The department will adopt firing squads as a permitted execution method, according to officials who spoke as the administration moved to ramp up and expedite capital punishment. The Justice Department also said it is reauthorizing a lethal-injection protocol that relies on a single drug, pentobarbital, which was used to conduct executions during Trump’s first administration.

A previous federal protocol had used a three-drug mix for lethal injection during the era of the last federal executions prior to Trump’s first term, the Justice Department’s officials said. The shift to pentobarbital was adopted during Bill Barr’s tenure as attorney general.

The Biden administration had removed pentobarbital from the federal execution protocol after a government review raised concerns about the possibility of unnecessary pain and suffering.
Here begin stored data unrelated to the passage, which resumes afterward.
lemma relative_clique_pair_count:
  assumes p: "0 < 2 * m + n" and V: "finite V" and G: "mixed_graph m n V A"
    and D: "max_degree_le V A D" and R: "relative_clique m n V A R"
  defines "P \<equiv> real (2 * m + n)" and "r \<equiv> real (card R)"
  shows "P * (r * (r - 1)) \<le> P * (r * D) + (P - 1) * D * (r * D)"
proof -
  let ?N = "\<lambda>v. nbrs A v \<inter> R" and ?Adj = "SIGMA x:R. nbrs A x \<inter> R" and ?sep = "separated_pairs A R"
  have RV: "R \<subseteq> V" and fR: "finite R"
    using R V by (auto simp: relative_clique_def intro: finite_subset)
  have "real (card R * (card R - 1)) \<le> real (card ?Adj + (\<Sum>v\<in>V. card (?sep v)))"
    using relative_clique_card_offdiag_le[OF V G R] unfolding card_offdiag[OF fR] by (rule of_nat_mono)
  moreover have "real (card R * (card R - 1)) = r * (r - 1)"
    unfolding r_def by (cases "card R") (auto simp: algebra_simps)
  ultimately have pairs: "r * (r - 1) \<le> card ?Adj + (\<Sum>v\<in>V. real (card (?sep v)))"
    by (simp only: of_nat_add of_nat_sum)
  have adj: "real (card ?Adj) \<le> r * D"
    using card_adjacent_pairs_le[OF D fR RV] unfolding r_def by (simp flip: of_nat_mult)
  have sep: "P * card (?sep v) \<le> (P - 1) * D * card (?N v)" if "v \<in> V" for v
  proof -
    have "card (?N v) \<le> D"
      using D that by (auto simp: max_degree_le_def intro: le_trans[OF card_mono])
    then have "real (card (?N v)) ^ 2 \<le> real D * real (card (?N v))"
      by (simp add: power2_eq_square mult_right_mono)
    then have "(P - 1) * real (card (?N v)) ^ 2 \<le> (P - 1) * (real D * real (card (?N v)))"
      using p unfolding P_def by (intro mult_left_mono) auto
    then show ?thesis
      using order_trans[OF card_separated_pairs_le[OF G fR, of v]] unfolding P_def by (simp add: mult.assoc)
  qed
  have nbrs: "(\<Sum>v\<in>V. real (card (?N v))) \<le> r * D"
    using sum_card_nbrs_inter_le[OF G D V fR RV] unfolding r_def by (simp flip: of_nat_sum of_nat_mult)
  have "P * (r * (r - 1)) \<le> P * card ?Adj + (\<Sum>v\<in>V. P * card (?sep v))"
    using mult_left_mono[OF pairs, of P] unfolding P_def by (simp add: distrib_left sum_distrib_left)
  also have "\<dots> \<le> P * (r * D) + (P - 1) * D * (\<Sum>v\<in>V. real (card (?N v)))"
    using adj sep unfolding P_def by (simp add: sum_distrib_left mult_left_mono sum_mono add_mono)
  also have "\<dots> \<le> P * (r * D) + (P - 1) * D * (r * D)"
    using nbrs p unfolding P_def by (intro add_left_mono mult_left_mono) auto
  finally show ?thesis .
qed

lemma relative_clique_card_le:
  assumes p: "0 < 2 * m + n" and V: "finite V" and G: "mixed_graph m n V A"
    and D: "max_degree_le V A D" and R: "relative_clique m n V A R"
  shows "real (card R) - 1 \<le> real D + (real (2 * m + n) - 1) / real (2 * m + n) * real D ^ 2"
proof (cases "card R = 0")
  case False
  let ?p = "real (2 * m + n)" and ?r = "real (card R)"
  have cancel: "r - 1 \<le> d + (P - 1) / P * d ^ 2"
    if "0 < P" and "P * (r - 1) \<le> P * d + (P - 1) * d * d" for P r d :: real
    using that by (simp add: field_simps power2_eq_square)
  have "?r * (?p * (?r - 1)) \<le> ?r * (?p * D + (?p - 1) * D * D)"
    using relative_clique_pair_count[OF assms] by (simp only: algebra_simps)
  with False have "?p * (?r - 1) \<le> ?p * D + (?p - 1) * D * D"
    by (simp add: mult_le_cancel_left_pos)
  with p show ?thesis
    by (intro cancel) auto
next
  case True
  have "1 \<le> real (2 * m + n)"
    using p by linarith
  then have "0 \<le> (real (2 * m + n) - 1) / real (2 * m + n) * real D ^ 2"
    by simp
  with True show ?thesis
    by simp
qed

theorem mainTheorem1:
  fixes m n D :: nat and V :: "'a set" and A :: "'a \<Rightarrow> 'a \<Rightarrow> adjtype option" and R :: "'a set"
  assumes "2 * m + n \<ge> 2"
    and "finite V"
    and "mixed_graph m n V A"
    and "max_degree_le V A D"
    and "relative_clique m n V A R"
  shows "real (card R) \<le>
    of_int \<lfloor>real (2 * m + n - 1) / real (2 * m + n) * real D ^ 2\<rfloor> + real D + 1"
proof -
  let ?X = "real (2 * m + n - 1) / real (2 * m + n) * real D ^ 2"
  have "0 < 2 * m + n"
    using assms(1) by linarith
  from relative_clique_card_le[OF this assms(2-5)]
  have "real (card R) - 1 \<le> real D + ?X"
    using assms(1) by (simp add: of_nat_diff)
  then have "int (card R) - 1 - int D \<le> \<lfloor>?X\<rfloor>"
    by (simp add: le_floor_iff)
  then show ?thesis
    by linarith
qed

end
The AP report said Attorney General Merrick Garland withdrew the pentobarbital policy in the final days of the Biden administration, following findings in that review that there remains “significant uncertainty” about whether its use causes unnecessary pain and suffering.

Under the department’s reauthorization plan, officials also pointed to actions taken during the Barr era and earlier federal rule-making. In 2020, the Justice Department published a rule in the Federal Register that allowed federal executions by lethal injection or by “any other manner prescribed by the law of the state in which the sentence was imposed,” AP reported.

The Justice Department actions were announced alongside other developments affecting how many death-penalty cases federal prosecutors are pursuing. AP reported that only three defendants remain on federal death row after Biden converted 37 sentences to life in prison, while the Trump administration had authorized seeking death sentences against 44 defendants.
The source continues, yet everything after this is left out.